§ Activity: Two lines below mark the span: the one containing "finally show ?thesis by simp" and the one containing "from integral_inverse_xhat_plus_ln_eq[OF x". Set down both, plus every line between, exactly as they stand, and nothing else.

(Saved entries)
- - -

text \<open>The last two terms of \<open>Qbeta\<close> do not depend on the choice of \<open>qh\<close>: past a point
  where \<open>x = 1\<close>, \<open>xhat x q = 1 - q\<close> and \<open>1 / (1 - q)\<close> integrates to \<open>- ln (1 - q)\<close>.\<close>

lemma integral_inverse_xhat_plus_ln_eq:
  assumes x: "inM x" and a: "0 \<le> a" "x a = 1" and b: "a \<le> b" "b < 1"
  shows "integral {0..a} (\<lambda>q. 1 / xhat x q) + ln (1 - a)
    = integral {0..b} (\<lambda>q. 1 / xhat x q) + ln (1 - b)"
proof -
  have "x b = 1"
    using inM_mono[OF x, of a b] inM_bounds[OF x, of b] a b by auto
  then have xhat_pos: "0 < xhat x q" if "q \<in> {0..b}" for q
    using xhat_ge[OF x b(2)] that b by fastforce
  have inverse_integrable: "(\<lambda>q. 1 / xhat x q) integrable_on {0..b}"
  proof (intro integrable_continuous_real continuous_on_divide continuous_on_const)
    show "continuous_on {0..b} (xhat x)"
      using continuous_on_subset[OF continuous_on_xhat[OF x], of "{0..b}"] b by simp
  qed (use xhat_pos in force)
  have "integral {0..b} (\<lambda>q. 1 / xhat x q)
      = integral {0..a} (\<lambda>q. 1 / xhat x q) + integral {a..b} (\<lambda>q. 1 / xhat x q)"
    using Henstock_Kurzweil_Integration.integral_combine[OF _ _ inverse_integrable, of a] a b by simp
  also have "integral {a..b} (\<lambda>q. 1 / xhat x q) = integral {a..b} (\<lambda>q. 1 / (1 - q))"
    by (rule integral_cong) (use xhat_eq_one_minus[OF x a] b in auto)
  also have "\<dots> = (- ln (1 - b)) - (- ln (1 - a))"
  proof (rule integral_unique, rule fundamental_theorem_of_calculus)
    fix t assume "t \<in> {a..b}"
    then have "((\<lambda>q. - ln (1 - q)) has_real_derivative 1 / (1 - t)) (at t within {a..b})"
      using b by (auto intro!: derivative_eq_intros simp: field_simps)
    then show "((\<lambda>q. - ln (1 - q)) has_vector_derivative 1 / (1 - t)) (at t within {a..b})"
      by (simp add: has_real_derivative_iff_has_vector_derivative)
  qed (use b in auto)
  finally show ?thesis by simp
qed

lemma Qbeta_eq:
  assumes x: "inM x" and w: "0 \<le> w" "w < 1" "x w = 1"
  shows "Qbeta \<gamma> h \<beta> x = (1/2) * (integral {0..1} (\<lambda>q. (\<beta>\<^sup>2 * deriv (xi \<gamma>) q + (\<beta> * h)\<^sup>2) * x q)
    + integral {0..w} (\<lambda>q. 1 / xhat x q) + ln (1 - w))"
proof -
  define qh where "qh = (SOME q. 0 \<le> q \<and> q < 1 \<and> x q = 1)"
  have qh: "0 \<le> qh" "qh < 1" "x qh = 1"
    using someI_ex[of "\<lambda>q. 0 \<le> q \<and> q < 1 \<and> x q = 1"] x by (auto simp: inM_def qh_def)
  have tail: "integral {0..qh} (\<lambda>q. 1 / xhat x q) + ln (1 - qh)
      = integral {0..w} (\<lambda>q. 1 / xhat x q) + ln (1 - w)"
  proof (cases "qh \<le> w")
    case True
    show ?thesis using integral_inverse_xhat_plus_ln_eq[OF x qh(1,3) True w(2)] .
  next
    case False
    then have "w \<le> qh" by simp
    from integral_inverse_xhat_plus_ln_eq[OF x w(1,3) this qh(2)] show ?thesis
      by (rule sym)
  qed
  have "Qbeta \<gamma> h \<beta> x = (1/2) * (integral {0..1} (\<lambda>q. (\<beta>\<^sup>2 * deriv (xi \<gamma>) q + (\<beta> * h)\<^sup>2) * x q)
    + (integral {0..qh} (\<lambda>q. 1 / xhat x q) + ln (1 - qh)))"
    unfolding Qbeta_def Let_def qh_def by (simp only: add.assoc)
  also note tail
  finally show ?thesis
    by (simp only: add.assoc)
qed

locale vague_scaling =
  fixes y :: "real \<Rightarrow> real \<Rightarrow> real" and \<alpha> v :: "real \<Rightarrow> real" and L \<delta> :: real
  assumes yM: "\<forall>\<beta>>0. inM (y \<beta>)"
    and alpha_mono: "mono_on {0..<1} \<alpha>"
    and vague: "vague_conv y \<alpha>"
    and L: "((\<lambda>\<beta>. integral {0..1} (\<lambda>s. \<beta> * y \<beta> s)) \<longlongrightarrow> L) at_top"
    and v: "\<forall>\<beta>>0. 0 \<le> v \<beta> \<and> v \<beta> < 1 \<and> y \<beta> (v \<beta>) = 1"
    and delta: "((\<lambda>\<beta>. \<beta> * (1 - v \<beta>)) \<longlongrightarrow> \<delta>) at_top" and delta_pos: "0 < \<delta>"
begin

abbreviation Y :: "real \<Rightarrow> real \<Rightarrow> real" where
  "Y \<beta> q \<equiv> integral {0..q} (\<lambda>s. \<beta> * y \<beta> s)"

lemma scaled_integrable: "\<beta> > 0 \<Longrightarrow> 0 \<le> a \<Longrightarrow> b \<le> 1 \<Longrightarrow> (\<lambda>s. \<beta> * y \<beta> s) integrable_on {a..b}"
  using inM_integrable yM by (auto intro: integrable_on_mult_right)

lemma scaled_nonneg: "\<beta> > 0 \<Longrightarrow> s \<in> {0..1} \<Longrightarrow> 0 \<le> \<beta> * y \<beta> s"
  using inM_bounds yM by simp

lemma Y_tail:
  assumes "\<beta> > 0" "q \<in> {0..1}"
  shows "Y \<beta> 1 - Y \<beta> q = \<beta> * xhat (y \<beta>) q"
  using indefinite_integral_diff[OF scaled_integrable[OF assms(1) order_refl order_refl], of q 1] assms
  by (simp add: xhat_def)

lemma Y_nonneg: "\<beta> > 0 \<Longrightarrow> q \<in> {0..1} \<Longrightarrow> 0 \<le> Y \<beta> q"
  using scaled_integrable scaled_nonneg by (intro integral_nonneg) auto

- - -

§ Result of the exercise:
  finally show ?thesis by simp
qed

lemma Qbeta_eq:
  assumes x: "inM x" and w: "0 \<le> w" "w < 1" "x w = 1"
  shows "Qbeta \<gamma> h \<beta> x = (1/2) * (integral {0..1} (\<lambda>q. (\<beta>\<^sup>2 * deriv (xi \<gamma>) q + (\<beta> * h)\<^sup>2) * x q)
    + integral {0..w} (\<lambda>q. 1 / xhat x q) + ln (1 - w))"
proof -
  define qh where "qh = (SOME q. 0 \<le> q \<and> q < 1 \<and> x q = 1)"
  have qh: "0 \<le> qh" "qh < 1" "x qh = 1"
    using someI_ex[of "\<lambda>q. 0 \<le> q \<and> q < 1 \<and> x q = 1"] x by (auto simp: inM_def qh_def)
  have tail: "integral {0..qh} (\<lambda>q. 1 / xhat x q) + ln (1 - qh)
      = integral {0..w} (\<lambda>q. 1 / xhat x q) + ln (1 - w)"
  proof (cases "qh \<le> w")
    case True
    show ?thesis using integral_inverse_xhat_plus_ln_eq[OF x qh(1,3) True w(2)] .
  next
    case False
    then have "w \<le> qh" by simp
    from integral_inverse_xhat_plus_ln_eq[OF x w(1,3) this qh(2)] show ?thesis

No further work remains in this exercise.